Leider ist ihr Glück nur von kurzer Dauer. Charleys Eltern können Jake nicht vergeben, wie er ihre Tochter vor Jahren behandelt hat und auch von ihrer Schwester Andie bekommt sie keinerlei Unterstützung. Sie alle zweifeln an Charley Urteilsvermögen und weigern sich entschieden die Beziehung der beiden zu akzeptieren. Charley ist daher gezwungen zwischen ihm und ihrer Familie zu wählen und obwohl sie Jake über alles liebt, könnte er es dieses Mal sein, dessen Herz gebrochen wird …

Out of the Shallows ist ein guter, zuversichtlicher Abschluss dieser Dilogie, der trotz kleiner Kritikpunkte immerhin zu unterhalten vermag und dadurch sehr schnell gelesen ist.

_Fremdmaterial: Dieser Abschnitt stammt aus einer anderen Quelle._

(* Let $L_{\max}\ge 2$ be an integer and let $\mu_1,\dots,\mu_{L_{\max}}$ be real constants satisfying $\mu_t\ge \mu_{\min}$ for all $t\in\{1,\dots,L_{\max}\}$, for some $\mu_{\min}>0$. For $\theta\in\mathbb{R}$ let $p=\sigma(\theta)$, where $\sigma(x)=1/(1+e^{-x})$, and define $$J(\theta)=\sum_{t=1}^{L_{\max}}\mu_t\,(1-\sigma(\theta))^{t-1}.$$ Let $\theta(s)$, $s\ge 0$, be the solution of the gradient-flow ODE $\frac{d\theta(s)}{ds}=J'(\theta(s))$, $\theta(0)=\theta_0\in\mathbb{R}$, and set $p(s)=\sigma(\theta(s))$. Then: (1) $p(s)$ is strictly decreasing in $s$ and $p(s)\to 0$ as $s\to\infty$; (2) there exist constants $S,K>0$ such that $p(s)\le K/s$ for all $s\ge S$. Consequently, the expected path length $\mathbb{E}[\tau]=\sum_{t=1}^{L_{\max}}(1-p(s))^{t-1}$ converges to $L_{\max}$ as $s\to\infty$.
   Context: Stylized model of a path-generating policy that only makes continue/stop decisions: at each step $t\in\{1,\dots,L_{\max}\}$ the policy stops with the position-independent probability $p=\sigma(\theta)$, and $\tau\le L_{\max}$ denotes the stopping time (path length), so $\mathbb{P}(\tau\ge t)=(1-p)^{t-1}$. The total return is $G=\sum_{t=1}^{\tau}r_t$ with step rewards $r_t$, and $\mu_t:=\mathbb{E}[r_t\mid \tau\ge t]$ is assumed not to depend on $\theta$; then $J(\theta)=\mathbb{E}[G]=\sum_{t=1}^{L_{\max}}\mu_t(1-p)^{t-1}$, which is the function defined in the claim. The hypothesis $\mu_t\ge\mu_{\min}>0$ expresses that the expected step-level reward is positive at every step. *)

theory Defs
  imports "HOL-Analysis.Analysis"
begin

definition sigmoid :: "real \<Rightarrow> real" where
  "sigmoid x = 1 / (1 + exp (- x))"

definition Jret :: "nat \<Rightarrow> (nat \<Rightarrow> real) \<Rightarrow> real \<Rightarrow> real" where
  "Jret Lmax \<mu> \<theta> = (\<Sum>t = 1..Lmax. \<mu> t * (1 - sigmoid \<theta>) ^ (t - 1))"

definition exp_len :: "nat \<Rightarrow> real \<Rightarrow> real" where
  "exp_len Lmax p = (\<Sum>t = 1..Lmax. (1 - p) ^ (t - 1))"

end

theory Submission
  imports Defs
begin

text \<open>
  Along the flow, \<open>-J'(\<theta>) = \<sigma>(\<theta>)(1 - \<sigma>(\<theta>)) \<Sum>\<^sub>t \<mu>\<^sub>t (t - 1) (1 - \<sigma>(\<theta>))^(t - 2)\<close>
  is at least \<open>\<mu>\<^sub>2 \<sigma>(\<theta>)(1 - \<sigma>(\<theta>)) > 0\<close>, so \<open>\<theta>\<close> strictly decreases.
  Since \<open>exp(-\<theta>) \<sigma>(\<theta>) = 1 - \<sigma>(\<theta>)\<close>, the function \<open>exp(-\<theta>)\<close> grows at rate
  \<open>-J'(\<theta>) exp(-\<theta>) \<ge> \<mu>\<^sub>2 (1 - \<sigma>(\<theta>))\<^sup>2 \<ge> \<mu>\<^sub>2 (1 - \<sigma>(\<theta>\<^sub>0))\<^sup>2\<close>, hence at least
  linearly in \<open>s\<close>, and \<open>\<sigma>(\<theta>) \<le> 1 / exp(-\<theta>)\<close> decays like \<open>1 / s\<close>.
\<close>

lemma one_plus_exp_pos: "0 < 1 + exp (x :: real)"
  by (simp add: add_pos_pos)

lemma sigmoid_pos: "0 < sigmoid x"
  unfolding sigmoid_def using one_plus_exp_pos by simp

lemma sigmoid_less_1: "sigmoid x < 1"
  unfolding sigmoid_def using one_plus_exp_pos by simp

lemma strict_mono_sigmoid: "strict_mono sigmoid"
  unfolding strict_mono_def sigmoid_def using one_plus_exp_pos by (simp add: divide_simps)

lemma strict_antimono_on_sigmoid_comp:
  assumes "strict_antimono_on A f"
  shows "strict_antimono_on A (\<lambda>s. sigmoid (f s))"
proof (rule monotone_onI)
  fix u v assume "u \<in> A" "v \<in> A" "u < v"
  then have "f v < f u"
    using monotone_onD [OF assms] by blast
  then show "sigmoid (f v) < sigmoid (f u)"
    by (rule strict_monoD [OF strict_mono_sigmoid])
qed

lemma exp_minus_mult_sigmoid: "exp (- x) * sigmoid x = 1 - sigmoid x"
  unfolding sigmoid_def using one_plus_exp_pos [of "- x"] by (simp add: divide_simps)

lemma has_real_derivative_sigmoid:
  "(sigmoid has_real_derivative sigmoid x * (1 - sigmoid x)) (at x)"
proof -
  have "(sigmoid has_real_derivative exp (- x) / (1 + exp (- x)) ^ 2) (at x)"
    unfolding sigmoid_def [abs_def] using one_plus_exp_pos [of "- x"]
    by (auto intro!: derivative_eq_intros simp: power2_eq_square)
  also have "exp (- x) / (1 + exp (- x)) ^ 2 = sigmoid x * (1 - sigmoid x)"
    by (simp add: exp_minus_mult_sigmoid [symmetric]) (simp add: sigmoid_def power2_eq_square)
  finally show ?thesis .
qed

lemma has_real_derivative_Jret:
  "(Jret L \<mu> has_real_derivative
     - (sigmoid x * (1 - sigmoid x)) * (\<Sum>t = 1..L. \<mu> t * real (t - 1) * (1 - sigmoid x) ^ (t - 2))) (at x)"
proof -
  let ?q = "1 - sigmoid x"
  have "(Jret L \<mu> has_real_derivative
      (\<Sum>t = 1..L. \<mu> t * (real (t - 1) * ?q ^ (t - 1 - 1) * - (sigmoid x * ?q)))) (at x)"
    unfolding Jret_def [abs_def]
    by (rule derivative_eq_intros has_real_derivative_sigmoid refl)+
      (intro sum.cong refl, simp add: algebra_simps)
  also have "(\<Sum>t = 1..L. \<mu> t * (real (t - 1) * ?q ^ (t - 1 - 1) * - (sigmoid x * ?q)))
      = - (sigmoid x * ?q) * (\<Sum>t = 1..L. \<mu> t * real (t - 1) * ?q ^ (t - 2))"
    unfolding sum_distrib_left by (intro sum.cong refl) (simp add: numeral_2_eq_2)
  finally show ?thesis .
qed

lemma second_coefficient_le_sum:
  fixes \<mu> :: "nat \<Rightarrow> real"
  assumes "2 \<le> L" "0 \<le> q" "\<And>t. t \<in> {1..L} \<Longrightarrow> 0 \<le> \<mu> t"
  shows "\<mu> 2 \<le> (\<Sum>t = 1..L. \<mu> t * real (t - 1) * q ^ (t - 2))"
proof -
  have "\<mu> 2 * real (2 - 1) * q ^ (2 - 2) \<le> (\<Sum>t = 1..L. \<mu> t * real (t - 1) * q ^ (t - 2))"
    using assms by (intro member_le_sum) auto
  then show ?thesis by simp
qed

lemma minus_deriv_Jret_ge:
  assumes "2 \<le> L" "\<And>t. t \<in> {1..L} \<Longrightarrow> 0 \<le> \<mu> t"
  shows "\<mu> 2 * (sigmoid x * (1 - sigmoid x)) \<le> - deriv (Jret L \<mu>) x"
proof -
  let ?S = "\<Sum>t = 1..L. \<mu> t * real (t - 1) * (1 - sigmoid x) ^ (t - 2)"
  have "\<mu> 2 \<le> ?S"
    using assms sigmoid_less_1 [of x] by (intro second_coefficient_le_sum) auto
  moreover have "0 \<le> sigmoid x * (1 - sigmoid x)"
    using sigmoid_pos [of x] sigmoid_less_1 [of x] by simp
  ultimately have "\<mu> 2 * (sigmoid x * (1 - sigmoid x)) \<le> ?S * (sigmoid x * (1 - sigmoid x))"
    by (rule mult_right_mono)
  then show ?thesis
    unfolding DERIV_imp_deriv [OF has_real_derivative_Jret] by (simp add: mult.commute)
qed

lemma mvt_atLeast:
  fixes f :: "real \<Rightarrow> real"
  assumes "\<And>x. a \<le> x \<Longrightarrow> (f has_real_derivative f' x) (at x within {a..})"
    and "a \<le> u" "u \<le> v"
  shows "\<exists>x\<in>{u..v}. f v - f u = f' x * (v - u)"
proof -
  have "(f has_derivative (\<lambda>h. f' x * h)) (at x within {u..v})" if "u \<le> x" for x
    using assms(1) [of x] that \<open>a \<le> u\<close>
    by (auto simp: has_field_derivative_def intro: has_derivative_subset)
  then show ?thesis
    using mvt_very_simple [OF \<open>u \<le> v\<close>, of f "\<lambda>x h. f' x * h"] by auto
qed

lemma strict_antimono_on_if_deriv_neg:
  fixes f :: "real \<Rightarrow> real"
  assumes "\<And>x. a \<le> x \<Longrightarrow> (f has_real_derivative f' x) (at x within {a..})"
    and "\<And>x. a \<le> x \<Longrightarrow> f' x < 0"
  shows "strict_antimono_on {a..} f"
proof (rule monotone_onI)
  fix u v assume "u \<in> {a..}" "v \<in> {a..}" "u < v"
  then obtain x where "x \<in> {u..v}" "f v - f u = f' x * (v - u)"
    using mvt_atLeast [OF assms(1), of u v] by auto
  with assms(2) [of x] \<open>u \<in> {a..}\<close> \<open>u < v\<close> show "f v < f u"
    using mult_neg_pos [of "f' x" "v - u"] by simp
qed

lemma linear_lower_bound_if_deriv_ge:
  fixes f :: "real \<Rightarrow> real"
  assumes "\<And>x. a \<le> x \<Longrightarrow> (f has_real_derivative f' x) (at x within {a..})"
    and "\<And>x. a \<le> x \<Longrightarrow> c \<le> f' x" and "a \<le> s"
  shows "f a + c * (s - a) \<le> f s"
proof -
  obtain x where "x \<in> {a..s}" "f s - f a = f' x * (s - a)"
    using mvt_atLeast [OF assms(1) order_refl \<open>a \<le> s\<close>] by blast
  with assms(2) [of x] \<open>a \<le> s\<close> show ?thesis
    using mult_right_mono [of c "f' x" "s - a"] by simp
qed

lemma Jret_flow_strict_antimono:
  assumes "2 \<le> L" "0 < \<mu> 2" "\<And>t. t \<in> {1..L} \<Longrightarrow> 0 \<le> \<mu> t"
    and "\<And>s. 0 \<le> s \<Longrightarrow> (\<theta> has_real_derivative deriv (Jret L \<mu>) (\<theta> s)) (at s within {0..})"
  shows "strict_antimono_on {0..} \<theta>"
proof (rule strict_antimono_on_if_deriv_neg [OF assms(4)])
  fix s :: real
  have "0 < \<mu> 2 * (sigmoid (\<theta> s) * (1 - sigmoid (\<theta> s)))"
    using sigmoid_pos sigmoid_less_1 \<open>0 < \<mu> 2\<close> by simp
  then show "deriv (Jret L \<mu>) (\<theta> s) < 0"
    using minus_deriv_Jret_ge [where \<mu> = \<mu> and x = "\<theta> s", OF assms(1,3)] by linarith
qed

lemma Jret_flow_exp_growth:
  assumes "2 \<le> L" "0 < \<mu> 2" "\<And>t. t \<in> {1..L} \<Longrightarrow> 0 \<le> \<mu> t"
    and flow: "\<And>s. 0 \<le> s \<Longrightarrow> (\<theta> has_real_derivative deriv (Jret L \<mu>) (\<theta> s)) (at s within {0..})"
    and "0 \<le> s"
  shows "\<mu> 2 * (1 - sigmoid (\<theta> 0)) ^ 2 * s \<le> exp (- \<theta> s)"
proof -
  have "\<mu> 2 * (1 - sigmoid (\<theta> 0)) ^ 2 \<le> exp (- \<theta> r) * - deriv (Jret L \<mu>) (\<theta> r)"
    if "0 \<le> r" for r
  proof -
    let ?p = "sigmoid (\<theta> r)"
    have "\<theta> r \<le> \<theta> 0"
    proof (cases "r = 0")
      case False
      with that show ?thesis
        using monotone_onD [OF Jret_flow_strict_antimono [OF assms(1-4)], of 0 r] by simp
    qed simp
    then have "?p \<le> sigmoid (\<theta> 0)"
      by (simp add: strict_mono_less_eq [OF strict_mono_sigmoid])
    then have "(1 - sigmoid (\<theta> 0)) ^ 2 \<le> (1 - ?p) ^ 2"
      using sigmoid_less_1 [of "\<theta> 0"] by (intro power_mono) auto
    also have "(1 - ?p) ^ 2 = exp (- \<theta> r) * (?p * (1 - ?p))"
      by (simp only: mult.assoc [symmetric] exp_minus_mult_sigmoid power2_eq_square)
    finally have "\<mu> 2 * (1 - sigmoid (\<theta> 0)) ^ 2 \<le> \<mu> 2 * (exp (- \<theta> r) * (?p * (1 - ?p)))"
      using \<open>0 < \<mu> 2\<close> by simp
    also have "\<dots> = exp (- \<theta> r) * (\<mu> 2 * (?p * (1 - ?p)))"
      by (simp only: mult_ac)
    also have "\<dots> \<le> exp (- \<theta> r) * - deriv (Jret L \<mu>) (\<theta> r)"
      using minus_deriv_Jret_ge [where \<mu> = \<mu> and x = "\<theta> r", OF assms(1,3)]
      by (intro mult_left_mono) auto
    finally show ?thesis .
  qed
  moreover have "((\<lambda>s. exp (- \<theta> s)) has_real_derivative
      exp (- \<theta> r) * - deriv (Jret L \<mu>) (\<theta> r)) (at r within {0..})" if "0 \<le> r" for r
    by (rule derivative_eq_intros flow [OF that] refl)+
  ultimately have "exp (- \<theta> 0) + \<mu> 2 * (1 - sigmoid (\<theta> 0)) ^ 2 * (s - 0) \<le> exp (- \<theta> s)"
    by (intro linear_lower_bound_if_deriv_ge [where f = "\<lambda>s. exp (- \<theta> s)"] \<open>0 \<le> s\<close>)
  then show ?thesis
    using exp_gt_zero [of "- \<theta> 0"] unfolding diff_zero by linarith
qed

lemma sigmoid_le_inverse_if_exp_ge:
  assumes "0 < c" "c \<le> exp (- x)"
  shows "sigmoid x \<le> 1 / c"
  unfolding sigmoid_def using assms by (intro divide_left_mono) auto

lemma tendsto_zero_if_le_inverse:
  fixes f :: "real \<Rightarrow> real"
  assumes "\<And>s. 0 \<le> f s" "\<And>s. S \<le> s \<Longrightarrow> f s \<le> K / s"
  shows "(f \<longlongrightarrow> 0) at_top"
proof (rule tendsto_sandwich [of "\<lambda>_. 0" _ _ "\<lambda>s. K / s"])
  show "\<forall>\<^sub>F s in at_top. f s \<le> K / s"
    using eventually_ge_at_top [of S] by eventually_elim (rule assms(2))
  show "((\<lambda>s. K / s) \<longlongrightarrow> 0) at_top"
    by (intro tendsto_divide_0 [OF tendsto_const] filterlim_at_top_imp_at_infinity filterlim_ident)
qed (use assms(1) in auto)

lemma tendsto_exp_len:
  "(f \<longlongrightarrow> 0) F \<Longrightarrow> ((\<lambda>s. exp_len L (f s)) \<longlongrightarrow> real L) F"
  using tendsto_sum [of "{1..L}" "\<lambda>t s. (1 - f s) ^ (t - 1)" "\<lambda>t. 1"]
  by (auto simp: exp_len_def intro!: tendsto_eq_intros)

theorem theoremA1:
  fixes Lmax :: nat and \<mu> :: "nat \<Rightarrow> real" and \<mu>min :: real
    and \<theta> :: "real \<Rightarrow> real" and \<theta>0 :: real
  assumes "Lmax \<ge> 2"
    and "\<mu>min > 0"
    and "\<And>t. t \<in> {1..Lmax} \<Longrightarrow> \<mu> t \<ge> \<mu>min"
    and "\<And>s. s \<ge> 0 \<Longrightarrow>
           (\<theta> has_real_derivative deriv (Jret Lmax \<mu>) (\<theta> s)) (at s within {0..})"
    and "\<theta> 0 = \<theta>0"
  shows "strict_antimono_on {0..} (\<lambda>s. sigmoid (\<theta> s))
       \<and> ((\<lambda>s. sigmoid (\<theta> s)) \<longlongrightarrow> 0) at_top
       \<and> (\<exists>S K. S > 0 \<and> K > 0 \<and> (\<forall>s\<ge>S. sigmoid (\<theta> s) \<le> K / s))
       \<and> ((\<lambda>s. exp_len Lmax (sigmoid (\<theta> s))) \<longlongrightarrow> real Lmax) at_top"
proof -
  have \<mu>_2: "0 < \<mu> 2"
    using assms(1,2) assms(3) [of 2] by simp
  have \<mu>_nonneg: "0 \<le> \<mu> t" if "t \<in> {1..Lmax}" for t
    using assms(2) assms(3) [OF that] by simp
  note flow_hyps = assms(1) \<mu>_2 \<mu>_nonneg assms(4)
  define c where "c = \<mu> 2 * (1 - sigmoid \<theta>0) ^ 2"
  have "0 < c"
    unfolding c_def using \<mu>_2 sigmoid_less_1 [of \<theta>0] by simp
  have bound: "sigmoid (\<theta> s) \<le> (1 / c) / s" if "0 < s" for s
    using sigmoid_le_inverse_if_exp_ge [of "c * s"] \<open>0 < c\<close> that
      Jret_flow_exp_growth [OF flow_hyps, of s] assms(5) by (simp add: c_def)
  have "strict_antimono_on {0..} (\<lambda>s. sigmoid (\<theta> s))"
    by (rule strict_antimono_on_sigmoid_comp [OF Jret_flow_strict_antimono [OF flow_hyps]])
  moreover have "((\<lambda>s. sigmoid (\<theta> s)) \<longlongrightarrow> 0) at_top"
    using bound sigmoid_pos less_imp_le
    by (intro tendsto_zero_if_le_inverse [where S = 1 and K = "1 / c"]) auto
  moreover have "\<exists>S K. S > 0 \<and> K > 0 \<and> (\<forall>s\<ge>S. sigmoid (\<theta> s) \<le> K / s)"
    using bound \<open>0 < c\<close> by (intro exI [of _ 1] exI [of _ "1 / c"]) auto
  ultimately show ?thesis
    using tendsto_exp_len by blast
qed

end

Wie schon beim Vorgänger wird man abwechselnd mit Situationen aus der Vergangenheit sowie der Gegenwart konfrontiert. Die Vergangenheit schließt dabei in etwa an das Ende des Auftaktes an und ist einem vertraut, wohingegen sich die Gegenwart schon einige Monate nach den letzten Ereignissen abspielt. In der Zeit dazwischen muss etwas Gravierendes vorgefallen sein, da sich scheinbar wirklich alles verändert hat, wofür man allerdings noch keinen Grund erfährt, was anfangs vor allem für Verwirrung sorgt.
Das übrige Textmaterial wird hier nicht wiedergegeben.